Estratto dell’articolo di Enrico Franceschini per “la Repubblica”
vladimir putin - parata militare del giorno della vittoria a mosca - 9 maggio 2026
Vladimir Putin afferma di essere pronto alla pace con l'Ucraina sulla base di non meglio specificati «compromessi» da lui discussi con Donald Trump lo scorso agosto in Alaska. In una conversazione con le agenzie di stampa a San Pietroburgo, a margine della "Davos russa", il capo del Cremlino aggiunge che il presidente Usa gli avrebbe chiesto di fare «concessioni» e di essere disposto a farle, «se Kiev fa altrettanto». Ma ribadisce che il totale controllo di Mosca sul Donbass, incluse le aree ancora in mano alle forze ucraine, è una condizione (già rigettata da Kiev e Ue) irrinunciabile.
E ripropone l'ex-cancelliere tedesco Gerhard Schroeder come mediatore.
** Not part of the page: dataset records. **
(* Let $A_0(t)$ be an operator-valued function (on a finite-dimensional space) analytic in $t$ over the reals, $\alpha$ real, and define $\alpha A_j(t)$ recursively by $$\alpha A_{j+1}(t)=\sum_{m=1}^\infty(-1)^m\frac{m}{(m+1)!}\,\mathrm{ad}^m_{\int_0^t\alpha A_j(s)ds}\big[\alpha A_j(t)\big].$$ Let $U(t)=\mathcal{T}e^{\int_0^t\alpha A_0(s)ds}$ and $U_F(t)=\prod_{j=0}^{k-1}e^{\int_0^t\alpha A_j(s)ds}$ (factor $j=0$ leftmost). Then $$\|U_F(t)-U(t)\|=O\big(\alpha^{2^k}t^{2^{k+1}-1}\big).$$
   Context: $\mathcal{T}e^{\int_0^tX(s)ds}$ denotes the time-ordered exponential, i.e. the solution $W(t)$ of $W'(t)=X(t)W(t)$, $W(0)=I$. $\mathrm{ad}_X(Y)=[X,Y]$, $\mathrm{ad}_X^m=\mathrm{ad}_X\circ\mathrm{ad}_X^{m-1}$. The factor $-i$ is absorbed into $A_0$ (e.g. $A_0$ anti-Hermitian), so that $U$ and $U_F$ are bounded. $\|\cdot\|$ is the operator norm; asymptotics refer to small $\alpha,t$. *)

theory Defs
  imports "HOL-Analysis.Analysis"
begin

primrec mpow :: "complex^'n^'n \<Rightarrow> nat \<Rightarrow> complex^'n^'n" where
  "mpow M 0 = mat 1"
| "mpow M (Suc n) = M ** mpow M n"

definition mexp :: "complex^'n^'n \<Rightarrow> complex^'n^'n" where
  "mexp M = (\<Sum>k. (1 / fact k) *\<^sub>R mpow M k)"

definition opnorm :: "complex^'n^'n \<Rightarrow> real" where
  "opnorm M = onorm (\<lambda>x. M *v x)"

definition ad :: "complex^'n^'n \<Rightarrow> complex^'n^'n \<Rightarrow> complex^'n^'n" where
  "ad X Y = X ** Y - Y ** X"

definition oint :: "(real \<Rightarrow> 'b::real_normed_vector) \<Rightarrow> real \<Rightarrow> 'b" where
  "oint f t = (if 0 \<le> t then integral {0..t} f else - integral {t..0} f)"

definition real_analytic :: "(real \<Rightarrow> 'b::real_normed_vector) \<Rightarrow> bool" where
  "real_analytic f \<longleftrightarrow>
     (\<forall>t0. \<exists>r>0. \<exists>c::nat \<Rightarrow> 'b. \<forall>t. \<bar>t - t0\<bar> < r \<longrightarrow> (\<lambda>n. (t - t0) ^ n *\<^sub>R c n) sums f t)"

text \<open>magA alpha A0 j t is the operator written alpha A_j(t) in the paper.\<close>
fun magA :: "real \<Rightarrow> (real \<Rightarrow> complex^'n^'n) \<Rightarrow> nat \<Rightarrow> real \<Rightarrow> complex^'n^'n" where
  "magA \<alpha> A0 0 t = \<alpha> *\<^sub>R A0 t"
| "magA \<alpha> A0 (Suc j) t =
     (\<Sum>m. ((-1) ^ Suc m * real (Suc m) / fact (Suc m + 1)) *\<^sub>R
            ((ad (oint (magA \<alpha> A0 j) t) ^^ Suc m) (magA \<alpha> A0 j t)))"

definition UF :: "real \<Rightarrow> (real \<Rightarrow> complex^'n^'n) \<Rightarrow> nat \<Rightarrow> real \<Rightarrow> complex^'n^'n" where
  "UF \<alpha> A0 k t = foldr (\<lambda>j P. mexp (oint (magA \<alpha> A0 j) t) ** P) [0..<k] (mat 1)"

end

theory Submission
  imports Defs
begin

text \<open>Put \<open>\<Omega>\<^sub>j(t) = \<integral>\<^sub>0\<^sup>t \<alpha>A\<^sub>j\<close>, \<open>V\<^sub>0 = U\<close> and \<open>V\<^sub>j\<^sub>+\<^sub>1 = e\<^bsup>-\<Omega>\<^sub>j\<^esup> V\<^sub>j\<close>.
  Differentiating \<open>e\<^bsup>-\<Omega>\<^esup>\<close> with the noncommutative formula
  \<open>d e\<^bsup>X\<^esup> = (\<Sum>\<^sub>k ad\<^sub>X\<^sup>k dX / (k+1)!) e\<^bsup>X\<^esup>\<close> shows \<open>V\<^sub>j' = \<alpha>A\<^sub>j V\<^sub>j\<close>, while
  \<open>U = e\<^bsup>\<Omega>\<^sub>0\<^esup> \<cdots> e\<^bsup>\<Omega>\<^sub>j\<^sub>-\<^sub>1\<^esup> V\<^sub>j\<close> by construction; hence \<open>U\<^sub>F - U = U\<^sub>F (1 - V\<^sub>k)\<close>.

  Near \<open>t = 0\<close>, \<open>\<alpha>A\<^sub>j\<close> is a power series in \<open>t\<close>, controlled by a weighted \<open>\<ell>\<^sup>1\<close> norm of its
  coefficients. If the coefficients of \<open>\<alpha>A\<^sub>j\<close> vanish below order \<open>q\<close>, those of \<open>\<alpha>A\<^sub>j\<^sub>+\<^sub>1\<close> vanish
  below order \<open>2q + 2\<close>, because the lowest-order term of \<open>[\<Omega>\<^sub>j, \<alpha>A\<^sub>j]\<close> is the commutator of
  two multiples of the same coefficient; and the norm of \<open>\<alpha>A\<^sub>j\<^sub>+\<^sub>1\<close> is quadratic in that of
  \<open>\<alpha>A\<^sub>j\<close>. By induction \<open>\<alpha>A\<^sub>k(t) = O(\<alpha>\<^bsup>2\<^sup>k\<^esup> t\<^bsup>2\<^sup>k\<^sup>+\<^sup>1 - 2\<^esup>)\<close>, and a Gronwall estimate for
  \<open>V\<^sub>k' = \<alpha>A\<^sub>k V\<^sub>k\<close>, \<open>V\<^sub>k(0) = 1\<close> gives \<open>1 - V\<^sub>k(t) = O(\<alpha>\<^bsup>2\<^sup>k\<^esup> t\<^bsup>2\<^sup>k\<^sup>+\<^sup>1 - 1\<^esup>)\<close>.\<close>

section \<open>Commutators and the exponential in a Banach algebra\<close>

definition commutator :: "'a::ring \<Rightarrow> 'a \<Rightarrow> 'a" where
  "commutator X Y = X * Y - Y * X"

lemma norm_commutator_le:
  fixes X Y :: "'a::real_normed_algebra"
  shows "norm (commutator X Y) \<le> 2 * norm X * norm Y"
proof -
  have "norm (commutator X Y) \<le> norm (X * Y) + norm (Y * X)"
    unfolding commutator_def by (rule norm_triangle_ineq4)
  also have "\<dots> \<le> norm X * norm Y + norm Y * norm X"
    by (intro add_mono norm_mult_ineq)
  finally show ?thesis by simp
qed
(* Let $H$ be a binary tree based graph and let ${\bf SAT}(H)$ be the set of satisfying assignments of $\phi_H$. Then $\sum_{S\in{\bf SAT}(H)} (1/2)^{|S\setminus Fix(S)|}=1$.
   Context: Sets of literals never contain a variable together with its negation; $Vars(S)$ is the set of variables occurring in $S$. A rooted tree is extended if none of its leaves has a sibling. A graph $H$ is a binary tree based graph if it is the edge-disjoint union of extended rooted trees $T_1,\dots,T_m$ with roots $t_1,\dots,t_m$ such that every leaf of some $T_i$ is a leaf of exactly two of the trees, and any two trees have at most one common vertex, which is a leaf of both. $T_i,T_j$ are adjacent if they share a leaf $\ell_{i,j}$; $P_{i,j}$ is the path between $t_i$ and $t_j$ in $T_i\cup T_j$. A pseudoedge is a pair $\{t_i,t_j\}$ with $T_i,T_j$ adjacent. $\phi_H$ is the CNF on variables $V(H)$ with a clause $C_{i,j}$ whose literals are the positive literals of $V(P_{i,j})$, for each pseudoedge $\{t_i,t_j\}$. ${\bf SAT}(H)$ is the set of sets $S$ of literals with $Vars(S)=V(H)$ satisfying every clause. For a set $S$ of literals, the positive literal $\ell_{i,j}$ is fixed w.r.t. $S$ if $\ell_{i,j}\in S$ and all other variables of $C_{i,j}$ occur negatively in $S$; $Fix(S)$ is the set of fixed literals. *)

theory Defs
  imports Complex_Main
begin

definition rooted_tree :: "'v set \<Rightarrow> ('v \<Rightarrow> 'v) \<Rightarrow> 'v \<Rightarrow> bool" where
  "rooted_tree V p r \<longleftrightarrow> finite V \<and> r \<in> V \<and> (\<forall>v \<in> V - {r}. p v \<in> V)
     \<and> (\<forall>v \<in> V. \<exists>k. (p ^^ k) v = r)"

definition tree_edges :: "'v set \<Rightarrow> ('v \<Rightarrow> 'v) \<Rightarrow> 'v \<Rightarrow> 'v set set" where
  "tree_edges V p r = {{v, p v} | v. v \<in> V - {r}}"

definition children :: "'v set \<Rightarrow> ('v \<Rightarrow> 'v) \<Rightarrow> 'v \<Rightarrow> 'v \<Rightarrow> 'v set" where
  "children V p r u = {v \<in> V - {r}. p v = u}"

definition leaves :: "'v set \<Rightarrow> ('v \<Rightarrow> 'v) \<Rightarrow> 'v \<Rightarrow> 'v set" where
  "leaves V p r = {v \<in> V - {r}. children V p r v = {}}"

definition extended_tree :: "'v set \<Rightarrow> ('v \<Rightarrow> 'v) \<Rightarrow> 'v \<Rightarrow> bool" where
  "extended_tree V p r \<longleftrightarrow> rooted_tree V p r \<and>
     (\<forall>l \<in> leaves V p r. children V p r (p l) = {l})"

text \<open>Vertex set of the path from v up to the root (both included).\<close>
definition to_root :: "('v \<Rightarrow> 'v) \<Rightarrow> 'v \<Rightarrow> 'v \<Rightarrow> 'v set" where
  "to_root p r v = {(p ^^ k) v | k. \<forall>k' < k. (p ^^ k') v \<noteq> r}"
(* Let $p$ be an odd prime, $m$ a positive integer, $q=p^m$. Let $l,e,r,s$ be positive integers such that $l\ge3$ is odd, $s$ is even, $\gcd(l,e)=1$, $l\mid r+es$, and $q-1=ls$. Let $\gamma$ be a primitive element of $\mathbb{F}_q$, $\xi=\gamma^s$, and $A_i=\xi^{ei}+1$ for $0\le i\le l-1$. Then $P(x)=x^r(x^{es}+1)$ is a permutation polynomial of $\mathbb{F}_q$ if and only if all of the following hold: $\gcd(r,s)=1$; $p\mid 2^s-1$; $l\nmid r$; the elements $A_1^s,A_2^s,\dots,A_{l-1}^s$ are pairwise distinct $l$-th roots of unity; and $\mathrm{Ind}_\gamma(A_k)+kr\not\equiv\mathrm{Ind}_\gamma(2)\pmod l$ for all $k=1,\dots,l-1$.
   Context: A permutation polynomial of $\mathbb{F}_q$ is one inducing a bijection of $\mathbb{F}_q$. For nonzero $a\in\mathbb{F}_q$, $\mathrm{Ind}_\gamma(a)$ is the residue class $b\bmod(q-1)$ with $a=\gamma^b$; it has a well-defined residue modulo $l$ since $l\mid q-1$. *)

theory Defs
  imports "HOL-Computational_Algebra.Polynomial"
begin

definition perm_poly :: "'a::field poly \<Rightarrow> bool" where
  "perm_poly P \<longleftrightarrow> bij (poly P)"

definition primitive_elem :: "'a::field \<Rightarrow> bool" where
  "primitive_elem g \<longleftrightarrow> (\<forall>x. x \<noteq> 0 \<longrightarrow> (\<exists>k::nat. x = g ^ k))"

text \<open>Discrete logarithm Ind_g(a): some exponent b with a = g^b
  (determined modulo the order of g, hence modulo any l dividing q-1).\<close>
definition Ind :: "'a::field \<Rightarrow> 'a \<Rightarrow> nat" where
  "Ind g a = (SOME b. a = g ^ b)"

end

(* Put xi = gamma^s, a generator of the l-th roots of unity, and A k = xi^(e k) + 1.
   For x = gamma^t, the hypothesis l | r + e s turns P(x)^s = xi^(t r) (xi^(e t) + 1)^s
   into A j ^ s, where l | t + j.  Hence P permutes F_q iff gcd(r, s) = 1 (otherwise P
   identifies 1 with a nontrivial d-th root of unity, d = gcd(r, s)) and j |-> A j ^ s is
   injective on {0..l-1}, i.e. a bijection onto the l-th roots of unity.  Comparing products
   over that bijection gives 2^s = 1: for odd l the product of the l-th roots of unity is 1,
   while the product of the z + 1 is 2 because squaring permutes the nontrivial roots.
   Splitting off A 0 ^ s = 2^s, and reading A k ^ s xi^(k r) = A (l - k) ^ s through
   discrete logarithms, yields the stated conditions. *)

theory Submission
  imports Defs "HOL-Computational_Algebra.Primes" "HOL-Number_Theory.Cong"
begin

lemma of_nat_card_UNIV_eq_0: "of_nat (card (UNIV :: 'a :: {finite, ring_1} set)) = (0 :: 'a)"
proof -
  have "(\<Sum>y\<in>UNIV. 1 + y) = (\<Sum>y\<in>UNIV. y :: 'a)"
    by (rule sum.reindex_bij_witness[of _ "\<lambda>y. y - 1" "\<lambda>y. 1 + y"]) auto
  then show ?thesis
    by (simp add: sum.distrib)
qed

lemma CHAR_eq_if_card_eq_prime_power:
  fixes p m :: nat
  assumes "prime p" "m > 0" "card (UNIV :: 'a :: {finite, field} set) = p ^ m"
  shows "CHAR('a) = p"
proof -
  have "prime CHAR('a)"
    by (rule prime_CHAR_semidom) (simp add: finite_imp_CHAR_pos)
  moreover have "CHAR('a) dvd p ^ m"
    using of_nat_card_UNIV_eq_0[where 'a = 'a] assms(3) by (metis of_nat_eq_0_iff_char_dvd)
  ultimately show ?thesis
    using assms(1) by (metis prime_dvd_power primes_dvd_imp_eq)
qed

lemma finite_field_power_card_minus_one:
  fixes x :: "'a :: {finite, field}"
  assumes "x \<noteq> 0"
  shows "x ^ (card (UNIV :: 'a set) - 1) = 1"
proof -
  have "(\<Prod>y\<in>UNIV - {0}. x * y) = (\<Prod>y\<in>UNIV - {0}. y)"
    by (rule prod.reindex_bij_witness[of _ "\<lambda>y. y / x" "\<lambda>y. x * y"]) (use assms in auto)
  moreover have "(\<Prod>y\<in>UNIV - {0}. y) \<noteq> (0 :: 'a)"
    by simp
  ultimately show ?thesis
    by (simp add: prod.distrib card_Diff_singleton)
qed

lemma power_mod_exponent:
  fixes x :: "'a :: monoid_mult"
  assumes "x ^ n = 1"
  shows "x ^ (a mod n) = x ^ a"
proof -
  have "x ^ a = x ^ (n * (a div n) + a mod n)"
    by simp
  also have "\<dots> = (x ^ n) ^ (a div n) * x ^ (a mod n)"
    by (simp only: power_add power_mult)
  also have "\<dots> = x ^ (a mod n)"
    using assms by simp
  finally show ?thesis
    by (rule sym)
qed

lemma power_eq_power_iff_mod_order:
  fixes x :: "'a :: field"
  assumes order: "\<And>a. x ^ a = 1 \<longleftrightarrow> n dvd a" and "n > 0"
  shows "x ^ a = x ^ b \<longleftrightarrow> a mod n = b mod n"
proof -
  have "x \<noteq> 0"
    using order[of n] \<open>n > 0\<close> by (auto simp: power_0_left)
  have *: "x ^ a = x ^ b \<longleftrightarrow> a mod n = b mod n" if "a \<le> b" for a b
  proof -
    have "x ^ b = x ^ a * x ^ (b - a)"
      using that by (simp flip: power_add)
    then have "x ^ a = x ^ b \<longleftrightarrow> x ^ (b - a) = 1"
      using \<open>x \<noteq> 0\<close> by auto
    also have "\<dots> \<longleftrightarrow> a mod n = b mod n"
      using order mod_eq_dvd_iff_nat[OF that, of n] by (auto simp: eq_commute[of "a mod n"])
    finally show ?thesis .
  qed
  show ?thesis
    using *[of a b] *[of b a] by (cases "a \<le> b") auto
qed
lemma tower_eq_if_diff_eq_0: "level k a \<Longrightarrow> level k b \<Longrightarrow> a - b = tconst k 0 \<Longrightarrow> a = b"
  by (induction k arbitrary: a b) (auto simp: minus_qtower_def)

lemma tower_eqI:
  assumes "\<forall>l<k. F l \<noteq> 0" "level k a" "level k b"
    "\<And>(x::complex) s. sqrts F k x s \<Longrightarrow> teval s x k a = teval s x k b"
  shows "a = b"
proof -
  have "a - b = tconst k 0"
    by (rule tower_eq_0_if_teval_eq_0[of k F _ "{}"]) (use assms in auto)
  then show ?thesis
    using assms(2,3) tower_eq_if_diff_eq_0 by blast
qed

lemma tzero_mod_add: "tzero_mod r a \<Longrightarrow> tzero_mod r b \<Longrightarrow> tzero_mod r (a + b)"
  by (induction a b rule: plus_qtower.induct) (auto simp: poly_zero_mod_add)

lemma tzero_mod_uminus [simp]: "tzero_mod r (- a) \<longleftrightarrow> tzero_mod r a"
  by (induction a) auto

lemma tzero_mod_minus: "tzero_mod r a \<Longrightarrow> tzero_mod r b \<Longrightarrow> tzero_mod r (a - b)"
  by (simp add: minus_qtower_def tzero_mod_add)

lemma tzero_mod_tscale: "tzero_mod r a \<Longrightarrow> tzero_mod r (tscale g a)"
  by (induction a) (auto simp: poly_zero_mod_mult_right)

lemma tzero_mod_tmult: "tzero_mod r a \<or> tzero_mod r b \<Longrightarrow> tzero_mod r (tmult F a b)"
  by (induction F a b rule: tmult.induct)
    (auto simp: poly_zero_mod_mult_left poly_zero_mod_mult_right intro!: tzero_mod_add tzero_mod_tscale)

lemma tzero_mod_tmult_left: "tzero_mod r a \<Longrightarrow> tzero_mod r (tmult F a b)"
  and tzero_mod_tmult_right: "tzero_mod r b \<Longrightarrow> tzero_mod r (tmult F a b)"
  by (simp_all add: tzero_mod_tmult)

lemmas tzero_mod_intros =
  tzero_mod_add tzero_mod_minus tzero_mod_tscale tzero_mod_tmult_left tzero_mod_tmult_right

lemma tzero_mod_tconst [simp]: "tzero_mod r (tconst k p) \<longleftrightarrow> poly_zero_mod r p"
  by (induction k arbitrary: p) auto

lemma tzero_mod_double:
  assumes "prime r" "r > 2"
  shows "tzero_mod r (a + a) \<Longrightarrow> tzero_mod r a"
proof (induction a)
  case (Base p)
  then have "poly_zero_mod r (p + p)"
    by (simp only: plus_qtower.simps tzero_mod.simps)
  then show ?case
    using poly_zero_mod_double[OF assms] by simp
next
  case (Adj a1 a2)
  then have "tzero_mod r (a1 + a1)" "tzero_mod r (a2 + a2)"
    by (simp_all only: plus_qtower.simps tzero_mod.simps)
  with Adj.IH show ?case
    by simp
qed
Agli europei che lo ritengono inadatto per la sua passata collaborazione con Gazprom, Putin replica: «Non è un mio amico, è stato un grande statista, di lui entrambe le parti si possono fidare». Conclude ribadendo di non essere contrario all'ingresso dell'Ucraina nella Ue, «ma non deve diventare un blocco militare».
RAID DI DRONI UCRAINI SU SAN PIETROBURGO
In parallelo, anche Volodymyr Zelensky lancia una proposta di negoziato, da parte sua l'ennesima. «Gli Stati Uniti sono distratti dal conflitto in Iran», scrive il leader ucraino in una lettera aperta a Putin. «Trattiamo fra di noi, direttamente. Includendo l'Europa e l'America come garanti. Approviamo un cessate il fuoco a partire dall'odierna linea del fronte e manteniamolo per tutta la durata del negoziato, come hanno fatto Washington e Teheran per la guerra nel Golfo».
Zelensky rammenta a Putin che quando diventò presidente, «26 anni fa», molti ucraini lo guardavano con fiducia per le relazioni fra i due Paesi, «mentre oggi hanno più fiducia nei droni che hanno colpito San Pietroburgo».
volodymyr zelensky foto lapresse
Commenta il portavoce del Cremlino, con parole già sentite in questi anni che sanno più di sfida che di apertura: «Abbiamo visto la lettera, Putin ne sarà informato, Zelensky può venire a Mosca a incontrarlo quando vuole». Trump aggiunge: «Sarebbe bello se si incontrassero». [...]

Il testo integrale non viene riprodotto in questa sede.